Having settled back down in his hometown of Zurich, former Chair of the Paediatric Sepsis Clinical Advisory Group and Paediatric Intensivist at the Queensland Children’s Hospital, Assoc. Professor Luregn Schlapbach recounts his time in Queensland and his passion for improving outcomes from sepsis.
For Luregn, his interest in sepsis and childhood infections stems from their somewhat mysterious nature. “Infections have been a challenge for the human species for our entire evolution. Yet it is intriguing that even in an era where we have vaccines, access to antibiotics, and even sophisticated intensive care support, sepsis remains a leading killer disease,” he said.
During the past 20 years in Queensland, the type of infections affecting children have changed, with meningococcal infections the leading cause of sepsis in the year 2000. Large-scale public awareness and vaccination campaigns appear to have had the desired effect since this time, with meningococcal sepsis much less common nowadays.
“In contrast, we see more severe staph or streptococcal infections [now]. Overall, the proportion of children with complex healthcare issues seems to be increasing too,” Luregn said.
And of course – now there’s COVID to contend with. “The COVID pandemic has showed how vulnerable we can be for infections. Sadly, although children are less often affected by COVID, many more children die of bacterial sepsis around the world in comparison to COVID; and even COVID can result in sepsis. Hence, sepsis remains a really big problem,” Luregn said.
“What strikes me about sepsis is its time-sensitive nature: if we get better at recognising the disease, and then initiating treatment in a timely fashion, this can make a tremendous impact and save many lives.”
Which is exactly what Luregn has dedicated most of his career to in recent years - leading the development of the Queensland Health emergency department paediatric sepsis pathway. “When we started, sepsis was not much of a topic, despite the fact that many families were affected, and many clinicians felt practice could be improved. Over the course of just three years, awareness has improved considerably, and the sepsis pathway is becoming a standard.”
The pathway’s development spanned three years; from a collaborative co-design approach, pilot phase and formal evaluation, with consumers engaged and involved throughout the project.
“The strong engagement of consumers was essential for this shift in my opinion and I am very thankful for what the families have done for the sepsis campaign in Queensland,” Luregn said.
The pathway has now been endorsed by key clinical groups and available to order via Winc, along with the corresponding adult emergency department sepsis pathways.
Reflecting on the project, Luregn describes it as “a very humbling experience”. “To witness how the needs of families, strategic direction within the Department and clinician-driven initiatives went hand-in-hand; I believe that this collaborative approach was key to the success.”
“Outside the UK, many European countries do not have structured sepsis quality improvement initiatives. It is important to realise that the work done in Queensland and New South Wales can be a role model for many services, and should be shared internationally,” Luregn said.

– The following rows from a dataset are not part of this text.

(* Let $F|R$ be an extension of ordered fields with canonical valuation $v$, and let $\tilde\iota:\mathcal C(R)\to\mathcal C(F)$ be any map constructed as follows: for a non-ball cut $C=(D,E)$ of $R$, $\tilde\iota(C)$ is one of $D^{+}_F$ or $E^{-}_F$; if $C$ is the lower edge $B_0^-$ (resp. upper edge $B_0^+$) in $R$ of a ball $B_0\neq R$ with ball complement $(D,E)$ in $R$, then $\tilde\iota(C)=D^{+}_F$ (resp. $E^{-}_F$); and $\tilde\iota((\emptyset,R))=R^{-}_F$, $\tilde\iota((R,\emptyset))=R^{+}_F$. If $vR$ is cofinal in $vF$, then $\tilde\iota$ sends principal cuts of $R$ to principal cuts of $F$. Otherwise, no principal cut of $R$ is sent to a principal cut of $F$.
   Context: The canonical valuation $v$ of an ordered field has as valuation ring the convex hull of $\mathbb Z$; $vR\subseteq vF$ are the value groups. For a totally ordered set $T$, a cut is a pair $(D,E)$ with $D<E$ and $D\cup E=T$; $\mathcal C(T)$ is the set of cuts. A cut is principal if $D$ has a last element or $E$ has a first element. For nonempty $A\subseteq T$, $A^+=(D,T\setminus D)$ with $D$ the smallest initial segment containing $A$, and $A^-=(T\setminus E,E)$ with $E$ the smallest final segment containing $A$; for $A\subseteq R$, $A^{\pm}_F$ denote these cuts taken in $F$. For an ordered field $K$, $a\in K$ and a final segment $S$ of $vK$ (possibly empty), $B_S(a,K)=\{b\in K\mid v(a-b)\in S\cup\{\infty\}\}$ is a ball. A ball complement of a ball $B$ is a pair $(D,E)$ with $D<B<E$ and $D\cup B\cup E=K$. A cut is a ball cut if it equals $B^+$ (upper edge) or $B^-$ (lower edge) of some ball $B$, otherwise it is a non-ball cut. *)

theory Defs
  imports Main
begin

text \<open>The ambient ordered field F is the type 'a; the subfield R is a subset of it.\<close>

definition is_subfield :: "'a::linordered_field set \<Rightarrow> bool" where
  "is_subfield R \<longleftrightarrow> 0 \<in> R \<and> 1 \<in> R \<and>
     (\<forall>x\<in>R. \<forall>y\<in>R. x + y \<in> R \<and> x * y \<in> R) \<and>
     (\<forall>x\<in>R. - x \<in> R) \<and> (\<forall>x\<in>R. x \<noteq> 0 \<longrightarrow> inverse x \<in> R)"

text \<open>Valuation ring of the canonical valuation: the convex hull of the integers.\<close>
definition cval_ring :: "'a::linordered_field set" where
  "cval_ring = {x. \<exists>m n::int. of_int m \<le> x \<and> x \<le> of_int n}"

text \<open>Canonical valuation: v(x) is the coset of x modulo the units of the valuation ring
  (so the value group is F^x / O^x, and v(0) = {0} plays the role of \<infinity>).\<close>
definition cval :: "'a::linordered_field \<Rightarrow> 'a set" where
  "cval x = {x * u | u. u \<in> cval_ring \<and> u \<noteq> 0 \<and> inverse u \<in> cval_ring}"

text \<open>Value group vK of a subfield K (for K = UNIV this is vF).\<close>
definition value_set :: "'a::linordered_field set \<Rightarrow> 'a set set" where
  "value_set K = cval ` (K - {0})"

definition val_le :: "'a::linordered_field set \<Rightarrow> 'a set \<Rightarrow> bool" where
  "val_le g h \<longleftrightarrow> (\<exists>x\<in>g. \<exists>y\<in>h. x \<noteq> 0 \<and> y / x \<in> cval_ring)"

definition final_segment :: "'a::linordered_field set set \<Rightarrow> 'a set set \<Rightarrow> bool" where
  "final_segment G S \<longleftrightarrow> S \<subseteq> G \<and> (\<forall>g\<in>S. \<forall>h\<in>G. val_le g h \<longrightarrow> h \<in> S)"

definition vball :: "'a::linordered_field set set \<Rightarrow> 'a \<Rightarrow> 'a set \<Rightarrow> 'a set" where
  "vball S a K = {b\<in>K. cval (a - b) \<in> S \<union> {cval 0}}"

definition is_ball :: "'a::linordered_field set \<Rightarrow> 'a set \<Rightarrow> bool" where
  "is_ball K B \<longleftrightarrow> (\<exists>a\<in>K. \<exists>S. final_segment (value_set K) S \<and> B = vball S a K)"

definition is_cut :: "'a::linorder set \<Rightarrow> 'a set \<times> 'a set \<Rightarrow> bool" where
  "is_cut T C \<longleftrightarrow> fst C \<union> snd C = T \<and> (\<forall>d\<in>fst C. \<forall>e\<in>snd C. d < e)"

definition principal_cut :: "'a::linorder set \<times> 'a set \<Rightarrow> bool" where
  "principal_cut C \<longleftrightarrow> (\<exists>d\<in>fst C. \<forall>x\<in>fst C. x \<le> d) \<or> (\<exists>e\<in>snd C. \<forall>x\<in>snd C. e \<le> x)"

definition upper_cut :: "'a::linorder set \<Rightarrow> 'a set \<Rightarrow> 'a set \<times> 'a set" where
  "upper_cut T A = ({t\<in>T. \<exists>a\<in>A. t \<le> a}, T - {t\<in>T. \<exists>a\<in>A. t \<le> a})"

definition lower_cut :: "'a::linorder set \<Rightarrow> 'a set \<Rightarrow> 'a set \<times> 'a set" where
  "lower_cut T A = (T - {t\<in>T. \<exists>a\<in>A. a \<le> t}, {t\<in>T. \<exists>a\<in>A. a \<le> t})"

definition ball_cut :: "'a::linordered_field set \<Rightarrow> 'a set \<times> 'a set \<Rightarrow> bool" where
  "ball_cut K C \<longleftrightarrow> (\<exists>B. is_ball K B \<and> (C = upper_cut K B \<or> C = lower_cut K B))"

And thanks to a recent award win, Queensland’s work is gaining an international following. The Paediatric Sepsis Project was the winner of the 2020 Global Sepsis Alliance Award in the Governments and Health Authorities category. The awards honour outstanding sepsis awareness and education initiatives.
“But we still have a lot to do. I believe sepsis quality improvement should become a mandatory part of education of healthcare staff, and part of hospital accreditation. In addition, we have to implement digital solutions to allow to track what’s happening and keep improving,” Luregn said.
Fortunately, much of this is already happening. The Australian Commission on Safety and Quality in Healthcare is currently updating the deteriorating patient standard to explicitly include sepsis, meaning hospitals will have to provide evidence of their ability to recognise and respond to a patient with sepsis. The Queensland Sepsis Program and Paediatric Sepsis Project are also working collaboratively with NSW’s Clinical Excellence Commission to develop digital solutions for sepsis.
Clinical Excellence Queensland would like to thank Assoc. Prof Schlapbach for leading this body of work and his overall contribution to the Queensland Sepsis Program. As well as his inspiring and passionate commitment to improving the health of our young people. Importantly, a dedicated group of individuals is continuing this work, engaging with clinicians and consumers across Queensland to help reduce the incidence and burden of sepsis.